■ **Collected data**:
______________________________

(* Let $\mathcal{L}\in\mathscr{C}^\infty(\oplus^k\mathrm{T}Q\times\mathbb{R}^k)$ be a regular Lagrangian, fix an index $i$, and suppose that on a natural coordinate domain $\partial\mathcal{L}/\partial q^i=0$. Then $Y=\partial/\partial q^i$ satisfies $\mathscr{L}_Y\eta^\alpha_{\mathcal{L}}=0$ for all $\alpha$ and $\mathscr{L}_YE_{\mathcal{L}}=0$, and for every $k$-vector field $\mathbf{X}=(X_\alpha)$ solving the $k$-contact Lagrangian equations, $$\sum_\alpha\mathscr{L}_{X_\alpha}\Big(\frac{\partial\mathcal{L}}{\partial v^i_\alpha}\Big)=-\sum_\alpha(\mathscr{L}_{(\mathcal{R}_{\mathcal{L}})_\alpha}E_{\mathcal{L}})\frac{\partial\mathcal{L}}{\partial v^i_\alpha}=\sum_\alpha\frac{\partial\mathcal{L}}{\partial s^\alpha}\frac{\partial\mathcal{L}}{\partial v^i_\alpha}.$$
   Context: Natural coordinates on $\oplus^k\mathrm{T}Q\times\mathbb{R}^k$ are $(q^i,v^i_\alpha,s^\alpha)$. $\mathcal{L}$ is regular if the matrix $\big(\partial^2\mathcal{L}/\partial v^i_\alpha\partial v^j_\beta\big)$ is everywhere invertible. The Lagrangian energy is $E_{\mathcal{L}}=v^i_\alpha\,\partial\mathcal{L}/\partial v^i_\alpha-\mathcal{L}$ and the contact forms are $\eta^\alpha_{\mathcal{L}}=\mathrm{d}s^\alpha-\frac{\partial\mathcal{L}}{\partial v^i_\alpha}\mathrm{d}q^i$; for regular $\mathcal{L}$ these define a $k$-contact structure, whose Reeb vector fields $(\mathcal{R}_{\mathcal{L}})_\alpha$ are the unique vector fields with $i((\mathcal{R}_{\mathcal{L}})_\alpha)\eta^\beta_{\mathcal{L}}=\delta^\beta_\alpha$, $i((\mathcal{R}_{\mathcal{L}})_\alpha)\mathrm{d}\eta^\beta_{\mathcal{L}}=0$. The $k$-contact Lagrangian equations for $\mathbf{X}=(X_1,\dots,X_k)$ are $\sum_\alpha i(X_\alpha)\mathrm{d}\eta^\alpha_{\mathcal{L}}=\mathrm{d}E_{\mathcal{L}}-\sum_\alpha(\mathscr{L}_{(\mathcal{R}_{\mathcal{L}})_\alpha}E_{\mathcal{L}})\eta^\alpha_{\mathcal{L}}$ and $\sum_\alpha i(X_\alpha)\eta^\alpha_{\mathcal{L}}=-E_{\mathcal{L}}$. *)

theory Defs
  imports "HOL-Analysis.Analysis"
begin

text \<open>Natural coordinates on a coordinate domain of the bundle of k-velocities times R^k.
  A point is a triple (q, v, s) with q :: real^'n (the q^i), v :: real^'n^'k
  (v $ alpha $ i = v^i_alpha), s :: real^'k (the s^alpha).  Tangent vectors at a point
  are elements of the same vector space (components along d/dq^i, d/dv^i_alpha, d/ds^alpha).\<close>

type_synonym ('n, 'k) pt = "(real^'n) \<times> ((real^'n)^'k) \<times> (real^'k)"

definition qc :: "('n::finite, 'k::finite) pt \<Rightarrow> real^'n" where "qc x = fst x"
definition vc :: "('n::finite, 'k::finite) pt \<Rightarrow> (real^'n)^'k" where "vc x = fst (snd x)"
definition sc :: "('n::finite, 'k::finite) pt \<Rightarrow> real^'k" where "sc x = snd (snd x)"

text \<open>Coordinate vector fields d/dq^i, d/dv^i_alpha, d/ds^alpha (constant in coordinates).\<close>
definition eq :: "'n \<Rightarrow> ('n::finite, 'k::finite) pt" where
  "eq i = (axis i 1, 0, 0)"
definition ev :: "'n \<Rightarrow> 'k \<Rightarrow> ('n::finite, 'k::finite) pt" where
  "ev i a = (0, axis a (axis i 1), 0)"
definition es :: "'k \<Rightarrow> ('n::finite, 'k::finite) pt" where
  "es a = (0, 0, axis a 1)"

definition dd :: "('a::real_normed_vector \<Rightarrow> 'b::real_normed_vector) \<Rightarrow> 'a \<Rightarrow> 'a \<Rightarrow> 'b" where
  "dd f x u = frechet_derivative f (at x) u"

fun Ck_on :: "nat \<Rightarrow> 'a::euclidean_space set \<Rightarrow> ('a \<Rightarrow> real) \<Rightarrow> bool" where
  "Ck_on 0 U f = continuous_on U f"
| "Ck_on (Suc m) U f = (f differentiable_on U \<and> (\<forall>u. Ck_on m U (\<lambda>x. dd f x u)))"

definition Cinf_on :: "'a::euclidean_space set \<Rightarrow> ('a \<Rightarrow> real) \<Rightarrow> bool" where
  "Cinf_on U f = (\<forall>m. Ck_on m U f)"

definition Lq :: "(('n::finite, 'k::finite) pt \<Rightarrow> real) \<Rightarrow> 'n \<Rightarrow> ('n, 'k) pt \<Rightarrow> real" where
  "Lq L i x = dd L x (eq i)"
definition Lv :: "(('n::finite, 'k::finite) pt \<Rightarrow> real) \<Rightarrow> 'n \<Rightarrow> 'k \<Rightarrow> ('n, 'k) pt \<Rightarrow> real" where
  "Lv L i a x = dd L x (ev i a)"
definition Ls :: "(('n::finite, 'k::finite) pt \<Rightarrow> real) \<Rightarrow> 'k \<Rightarrow> ('n, 'k) pt \<Rightarrow> real" where
  "Ls L a x = dd L x (es a)"

definition regular_on :: "('n::finite, 'k::finite) pt set \<Rightarrow> (('n, 'k) pt \<Rightarrow> real) \<Rightarrow> bool" where
  "regular_on U L = (\<forall>x\<in>U. invertible
      ((\<chi> a b. dd (Lv L (fst b) (snd b)) x (ev (fst a) (snd a))) :: real^('n \<times> 'k)^('n \<times> 'k)))"

definition energy :: "(('n::finite, 'k::finite) pt \<Rightarrow> real) \<Rightarrow> ('n, 'k) pt \<Rightarrow> real" where
  "energy L x = (\<Sum>a\<in>UNIV. \<Sum>i\<in>UNIV. (vc x $ a $ i) * Lv L i a x) - L x"

text \<open>Contact forms eta^alpha_L = ds^alpha - dL/dv^i_alpha dq^i, as (point, tangent vector) \<mapsto> value.\<close>
definition eta :: "(('n::finite, 'k::finite) pt \<Rightarrow> real) \<Rightarrow> 'k \<Rightarrow> ('n, 'k) pt \<Rightarrow> ('n, 'k) pt \<Rightarrow> real" where
  "eta L a x w = sc w $ a - (\<Sum>i\<in>UNIV. Lv L i a x * (qc w $ i))"

text \<open>Exterior derivative of a 1-form theta (coordinate formula): 
  (d theta)_x(u,w) = D(theta(.)(w))_x(u) - D(theta(.)(u))_x(w).  Contraction i(u) d theta = d theta(u, -).\<close>
definition dform :: "('a::real_normed_vector \<Rightarrow> 'a \<Rightarrow> real) \<Rightarrow> 'a \<Rightarrow> 'a \<Rightarrow> 'a \<Rightarrow> real" where
  "dform \<theta> x u w = dd (\<lambda>y. \<theta> y w) x u - dd (\<lambda>y. \<theta> y u) x w"
lemma cell_exists:
  assumes N: "N \<ge> 1" and X: "0 \<le> X" "X < 2 * pi"
  obtains k where "k < N" "real k * epsN N \<le> X" "X < real (Suc k) * epsN N"
proof
  define e where "e = epsN N"
  have e: "e > 0" using epsN_pos[OF N] by (simp add: e_def)
  define k where "k = nat \<lfloor>X / e\<rfloor>"
  have k: "real k = of_int \<lfloor>X / e\<rfloor>" using e X by (simp add: k_def)
  have "real k \<le> X / e" "X / e < real k + 1" using k by linarith+
  then show "real k * e \<le> X" "X < real (Suc k) * e" using e by (simp_all add: field_simps)
  have "X / e < real N" using X of_nat_mult_epsN[OF N] e by (simp add: e_def field_simps)
  then show "k < N" using k by linarith
qed

lemma cell_unique:
  assumes "N \<ge> 1"
    and "real k * epsN N \<le> X" "X < real (Suc k) * epsN N"
    and "real i * epsN N \<le> X" "X < real (Suc i) * epsN N"
  shows "i = k"
proof -
  have "real i * epsN N < real (Suc k) * epsN N" "real k * epsN N < real (Suc i) * epsN N"
    using assms by linarith+
  then have "real i < real (Suc k)" "real k < real (Suc i)"
    using epsN_pos[OF assms(1)] by (simp_all add: mult_less_cancel_right)
  then show ?thesis by linarith
qed

lemma sum_indicator_cells:
  assumes N: "N \<ge> 1" and k: "k < N" "real k * epsN N \<le> X" "X < real (Suc k) * epsN N"
  shows "(\<Sum>i<N. f i * indicator {real i * epsN N ..< real (Suc i) * epsN N} X) = (f k :: real)"
proof -
  have "X \<notin> {real i * epsN N ..< real (Suc i) * epsN N}" if "i \<noteq> k" for i
    using cell_unique[OF N k(2,3), of i] that by auto
  then have "(\<Sum>i<N. f i * indicator {real i * epsN N ..< real (Suc i) * epsN N} X)
      = (\<Sum>i<N. if i = k then f k else 0)"
    using k by (intro sum.cong) auto
  then show ?thesis using k by simp
qed

lemma Lp_int_le_cellwise:
  fixes f :: "real \<Rightarrow> real"
  assumes N: "N \<ge> 1" and b: "\<And>k. k < N \<Longrightarrow> b k \<ge> 0"
    and f: "\<And>k X. k < N \<Longrightarrow> real k * epsN N < X \<Longrightarrow> X < real (Suc k) * epsN N
              \<Longrightarrow> \<bar>f X\<bar> powr q \<le> b k"
  shows "Lp_int q f \<le> ennreal (epsN N * (\<Sum>k<N. b k))"
proof -
  define e where "e = epsN N"
  have e: "e > 0" using epsN_pos[OF N] by (simp add: e_def)
  let ?cell = "\<lambda>k. {real k * e<..<real (Suc k) * e}"
  \<comment> \<open>the finitely many grid points are a null set, so f may be bounded on open cells only\<close>
  have off_grid: "AE X in lborel. \<forall>k\<in>{..N}. X \<noteq> real k * e"
    by (intro AE_finite_allI) (auto intro: AE_lborel_singleton)
  have "Lp_int q f = (\<integral>\<^sup>+X. ennreal (\<bar>f X\<bar> powr q) * indicator {0..<2*pi} X \<partial>lborel)"
    unfolding Lp_int_def by simp
  also have "\<dots> \<le> (\<integral>\<^sup>+X. (\<Sum>k<N. ennreal (b k) * indicator (?cell k) X) \<partial>lborel)"
    using off_grid
  proof (intro nn_integral_mono_AE, eventually_elim)
    case (elim X)
    show ?case
    proof (cases "X \<in> {0..<2*pi}")
      case True
      then obtain k where k: "k < N" "real k * e \<le> X" "X < real (Suc k) * e"
        using cell_exists[OF N] by (auto simp: e_def)
      moreover have "X \<noteq> real k * e" using elim k by auto
      ultimately have "X \<in> ?cell k" by auto
      then have "ennreal (\<bar>f X\<bar> powr q) * indicator {0..<2*pi} X \<le> ennreal (b k) * indicator (?cell k) X"
        using f[OF k(1)] True by (simp add: e_def ennreal_leI)
      also have "\<dots> \<le> (\<Sum>k<N. ennreal (b k) * indicator (?cell k) X)"
        by (rule member_le_sum) (use k in auto)
      finally show ?thesis .
    qed simp
  qed
  also have "\<dots> = (\<Sum>k<N. ennreal (b k) * emeasure lborel (?cell k))"
    by (subst nn_integral_sum) (auto simp: nn_integral_cmult_indicator)
  also have "\<dots> = (\<Sum>k<N. ennreal (b k * e))"
    using b e by (intro sum.cong) (auto simp: ennreal_mult algebra_simps)
  also have "\<dots> = ennreal (epsN N * (\<Sum>k<N. b k))"
    using b e by (subst sum_ennreal) (auto simp: e_def sum_distrib_left mult.commute)
  finally show ?thesis .
qed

______________________________

Extract from the records above the lines from the one containing "using cell_unique[OF N" to the one containing "N \<Longrightarrow> b", both lines included, exactly as they appear and with nothing else.

    using cell_unique[OF N k(2,3), of i] that by auto
  then have "(\<Sum>i<N. f i * indicator {real i * epsN N ..< real (Suc i) * epsN N} X)
      = (\<Sum>i<N. if i = k then f k else 0)"
    using k by (intro sum.cong) auto
  then show ?thesis using k by simp
qed

lemma Lp_int_le_cellwise:
  fixes f :: "real \<Rightarrow> real"
  assumes N: "N \<ge> 1" and b: "\<And>k. k < N \<Longrightarrow> b k \<ge> 0"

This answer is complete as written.